When the line containing "by (auto simp: mut_incr_linear_left" appears in the listing below, set it down along with each later line through the end, exactly as written, and nothing before it.

Source information –
*** Block opens ***

definition fold_clus :: "('a \<Rightarrow> 'b) \<Rightarrow> (nat \<Rightarrow> 'a) \<Rightarrow> nat set \<Rightarrow> 'b" where
  "fold_clus \<psi> x I = \<psi> (x (SOME i. i \<in> I))"

definition fold_seed :: "('a \<Rightarrow> 'b) \<Rightarrow> (nat \<Rightarrow> 'a) \<times> (nat \<Rightarrow> nat \<Rightarrow> int)
     \<Rightarrow> (nat set \<Rightarrow> 'b) \<times> (nat set \<Rightarrow> nat set \<Rightarrow> int)" where
  "fold_seed \<psi> S = (fold_clus \<psi> (fst S), fold_mat (snd S))"

definition folded_seed_eq :: "nat set set \<Rightarrow> nat set set
     \<Rightarrow> (nat set \<Rightarrow> 'b) \<times> (nat set \<Rightarrow> nat set \<Rightarrow> int)
     \<Rightarrow> (nat set \<Rightarrow> 'b) \<times> (nat set \<Rightarrow> nat set \<Rightarrow> int) \<Rightarrow> bool" where
  "folded_seed_eq Orbs MutOrbs S T \<longleftrightarrow>
     (\<forall>I\<in>Orbs. fst S I = fst T I) \<and> (\<forall>I\<in>Orbs. \<forall>J\<in>MutOrbs. snd S I J = snd T I J)"

end

theory Submission
  imports Defs
begin

(*
  The vertices of a mutable orbit K are pairwise unconnected (admissibility (3)), so the
  mutations at the vertices of K commute and their composite has a closed form: every x_k,
  k in K, is mutated with the original matrix, and b_ij with i, j outside K receives the sum
  over k in K of the increments sgn(b_ik) max(b_ik b_kj, 0).  Summing over an orbit I, the
  signs of b_ik (i in I) agree by admissibility (4), so the sum of the increments is the
  increment of the sums; and by G-invariance the column sum of B over I at k does not depend
  on the choice of k in K, which makes it the folded entry b_IK.  For the cluster variables, psi turns each exchange monomial into a product over
  orbits whose exponents are again these column sums, so psi(x'_k) is the folded exchange
  relation at K for every k in K; in particular it is constant on K.
*)

section \<open>Quiver mutation and matrix mutation\<close>

definition mut_incr :: "int \<Rightarrow> int \<Rightarrow> int" where
  "mut_incr b c = sgn b * max (b * c) 0"

lemma mat_mut_apart:
  "i \<noteq> k \<Longrightarrow> j \<noteq> k \<Longrightarrow> mat_mut k B i j = B i j + mut_incr (B i k) (B k j)"
  by (simp add: mat_mut_def mut_incr_def)

lemma mut_incr_zero [simp]: "mut_incr 0 c = 0" "mut_incr b 0 = 0"
  by (simp_all add: mut_incr_def)

definition no_two_cycles :: "(nat \<Rightarrow> nat \<Rightarrow> nat) \<Rightarrow> bool" where
  "no_two_cycles Q \<longleftrightarrow> (\<forall>i j. Q i j = 0 \<or> Q j i = 0)"

lemma no_two_cycles_quiver_mut: "no_two_cycles Q \<Longrightarrow> no_two_cycles (quiver_mut k Q)"
  unfolding no_two_cycles_def quiver_mut_def Let_def by (auto simp: min_def)

lemma Btil_quiver_mut:
  assumes "no_two_cycles Q"
  shows "Btil (quiver_mut k Q) = mat_mut k (Btil Q)"
proof (intro ext)
  fix i j
  show "Btil (quiver_mut k Q) i j = mat_mut k (Btil Q) i j"
  proof (cases "i = k \<or> j = k")
    case True
    then show ?thesis by (auto simp: Btil_def quiver_mut_def mat_mut_def)
  next
    case False
    have "Q i k = 0 \<or> Q k i = 0" "Q k j = 0 \<or> Q j k = 0"
      using assms by (auto simp: no_two_cycles_def)
    then show ?thesis
      using False
      by (auto simp: Btil_def quiver_mut_def mat_mut_def Let_def min_def max_def sgn_if
          zero_less_mult_iff mult_less_0_iff mult_le_0_iff)
  qed
qed

lemma Btil_foldl_quiver_mut:
  "no_two_cycles Q \<Longrightarrow>
    Btil (foldl (\<lambda>Q k. quiver_mut k Q) Q ks) = foldl (\<lambda>B k. mat_mut k B) (Btil Q) ks"
  by (induction ks arbitrary: Q) (auto simp: Btil_quiver_mut no_two_cycles_quiver_mut)

section \<open>Mutation at pairwise unconnected vertices\<close>

definition mat_mut_simultaneous :: "'i set \<Rightarrow> ('i \<Rightarrow> 'i \<Rightarrow> int) \<Rightarrow> 'i \<Rightarrow> 'i \<Rightarrow> int" where
  "mat_mut_simultaneous K B i j =
     (if i \<in> K \<or> j \<in> K then - B i j else B i j + (\<Sum>k\<in>K. mut_incr (B i k) (B k j)))"

definition clus_mut_simultaneous ::
    "'i set \<Rightarrow> 'i set \<Rightarrow> ('i \<Rightarrow> 'i \<Rightarrow> int) \<Rightarrow> ('i \<Rightarrow> 'a::field) \<Rightarrow> 'i \<Rightarrow> 'a" where
  "clus_mut_simultaneous Ix K B x i = (if i \<in> K then clus_mut Ix i B x i else x i)"

lemma mat_mut_simultaneous_unchanged_at:
  assumes "k \<notin> K" "\<forall>a\<in>insert k K. \<forall>b\<in>insert k K. B a b = 0"
  shows "mat_mut_simultaneous K B i k = B i k" "mat_mut_simultaneous K B k j = B k j"
  using assms by (auto simp: mat_mut_simultaneous_def)

lemma foldl_mat_mut_disconnected:
  assumes "distinct ks" "\<forall>a\<in>set ks. \<forall>b\<in>set ks. B a b = 0"
  shows "foldl (\<lambda>B k. mat_mut k B) B ks = mat_mut_simultaneous (set ks) B"
  using assms
proof (induction ks rule: rev_induct)
  case Nil
  show ?case by (auto simp: mat_mut_simultaneous_def)
next
  case (snoc k ks)
  let ?B' = "mat_mut_simultaneous (set ks) B"
  have k: "k \<notin> set ks" "\<forall>a\<in>insert k (set ks). \<forall>b\<in>insert k (set ks). B a b = 0"
    using snoc.prems by auto
  have "mat_mut k ?B' = mat_mut_simultaneous (insert k (set ks)) B"
  proof (intro ext)
    fix i j
    show "mat_mut k ?B' i j = mat_mut_simultaneous (insert k (set ks)) B i j"
    proof (cases "i = k \<or> j = k")
      case True
      then have "mat_mut k ?B' i j = - B i j"
        using mat_mut_simultaneous_unchanged_at[OF k] by (auto simp: mat_mut_def)
      then show ?thesis
        using True by (auto simp: mat_mut_simultaneous_def)
    next
      case False
      then have "mat_mut k ?B' i j = ?B' i j + mut_incr (B i k) (B k j)"
        using mat_mut_simultaneous_unchanged_at[OF k] by (simp add: mat_mut_apart)
      then show ?thesis
        using False k by (auto simp: mat_mut_simultaneous_def)
    qed
  qed
  then show ?case
    using snoc by simp
qed

lemma foldl_seed_mut_disconnected:
  assumes "distinct ks" "\<forall>a\<in>set ks. \<forall>b\<in>set ks. B a b = 0"
  shows "foldl (\<lambda>S k. seed_mut Ix k S) (x, B) ks =
           (clus_mut_simultaneous Ix (set ks) B x, mat_mut_simultaneous (set ks) B)"
  using assms
proof (induction ks rule: rev_induct)
  case Nil
  show ?case by (auto simp: clus_mut_simultaneous_def mat_mut_simultaneous_def fun_eq_iff)
next
  case (snoc k ks)
  let ?x' = "clus_mut_simultaneous Ix (set ks) B x" and ?B' = "mat_mut_simultaneous (set ks) B"
  have k: "k \<notin> set ks" "\<forall>a\<in>insert k (set ks). \<forall>b\<in>insert k (set ks). B a b = 0"
    using snoc.prems by auto
  \<comment> \<open>the exchange relation at k only sees the cluster variables x i with B i k \<noteq> 0,
    none of which has been mutated yet\<close>
  have "clus_mut Ix k ?B' ?x' k = clus_mut Ix k B x k"
    using mat_mut_simultaneous_unchanged_at(1)[OF k] k
    unfolding clus_mut_def clus_mut_simultaneous_def
    by (auto intro!: arg_cong2[where f = "(+)"] arg_cong2[where f = "(/)"] prod.cong)
  then have "clus_mut Ix k ?B' ?x' = clus_mut_simultaneous Ix (insert k (set ks)) B x"
    by (auto simp: fun_eq_iff clus_mut_def clus_mut_simultaneous_def)
  moreover have "mat_mut k ?B' = mat_mut_simultaneous (insert k (set ks)) B"
    using foldl_mat_mut_disconnected[OF snoc.prems] foldl_mat_mut_disconnected[of ks B] snoc.prems
    by simp
  ultimately show ?case
    using snoc by (simp add: seed_mut_def)
qed

lemma seed_mut_set_disconnected:
  assumes "finite K" "\<forall>a\<in>K. \<forall>b\<in>K. B a b = 0"
  shows "seed_mut_set Ix K (x, B) = (clus_mut_simultaneous Ix K B x, mat_mut_simultaneous K B)"
  using foldl_seed_mut_disconnected[of "sorted_list_of_set K" B Ix x] assms
  by (simp add: seed_mut_set_def)

lemma Btil_quiver_mut_set_disconnected:
  assumes "no_two_cycles Q" "finite K" "\<forall>a\<in>K. \<forall>b\<in>K. Btil Q a b = 0"
  shows "Btil (quiver_mut_set K Q) = mat_mut_simultaneous K (Btil Q)"
  using Btil_foldl_quiver_mut[OF assms(1)] foldl_mat_mut_disconnected[of "sorted_list_of_set K"] assms(2,3)
  by (simp add: quiver_mut_set_def)

section \<open>Sign-coherent sums\<close>

definition sign_coherent :: "'i set \<Rightarrow> ('i \<Rightarrow> int) \<Rightarrow> bool" where
  "sign_coherent A h \<longleftrightarrow> (\<forall>a\<in>A. h a \<ge> 0) \<or> (\<forall>a\<in>A. h a \<le> 0)"

lemma sign_coherent_uminus: "sign_coherent A h \<Longrightarrow> sign_coherent A (\<lambda>a. - h a)"
  by (auto simp: sign_coherent_def)

lemma mut_incr_linear_left:
  "b \<ge> 0 \<Longrightarrow> mut_incr b c = b * max c 0" "b \<le> 0 \<Longrightarrow> mut_incr b c = b * max (- c) 0"
  by (auto simp: mut_incr_def sgn_if max_def mult_le_0_iff zero_le_mult_iff)

lemma mut_incr_linear_right:
  "c \<ge> 0 \<Longrightarrow> mut_incr b c = max b 0 * c" "c \<le> 0 \<Longrightarrow> mut_incr b c = max (- b) 0 * c"
  by (auto simp: mut_incr_def sgn_if max_def mult_le_0_iff zero_le_mult_iff)

lemma sum_mut_incr_left:
  assumes "sign_coherent A h"
  shows "(\<Sum>a\<in>A. mut_incr (h a) c) = mut_incr (\<Sum>a\<in>A. h a) c"
  using assms unfolding sign_coherent_def
  by (auto simp: mut_incr_linear_left sum_nonneg sum_nonpos sum_distrib_right)

lemma sum_mut_incr_right:
  assumes "sign_coherent A h"
  shows "(\<Sum>a\<in>A. mut_incr b (h a)) = mut_incr b (\<Sum>a\<in>A. h a)"
  using assms unfolding sign_coherent_def
  by (auto simp: mut_incr_linear_right sum_nonneg sum_nonpos sum_distrib_left)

*** Block closes ***

Response to this task –
  by (auto simp: mut_incr_linear_left sum_nonneg sum_nonpos sum_distrib_right)

lemma sum_mut_incr_right:
  assumes "sign_coherent A h"
  shows "(\<Sum>a\<in>A. mut_incr b (h a)) = mut_incr b (\<Sum>a\<in>A. h a)"
  using assms unfolding sign_coherent_def
  by (auto simp: mut_incr_linear_right sum_nonneg sum_nonpos sum_distrib_left)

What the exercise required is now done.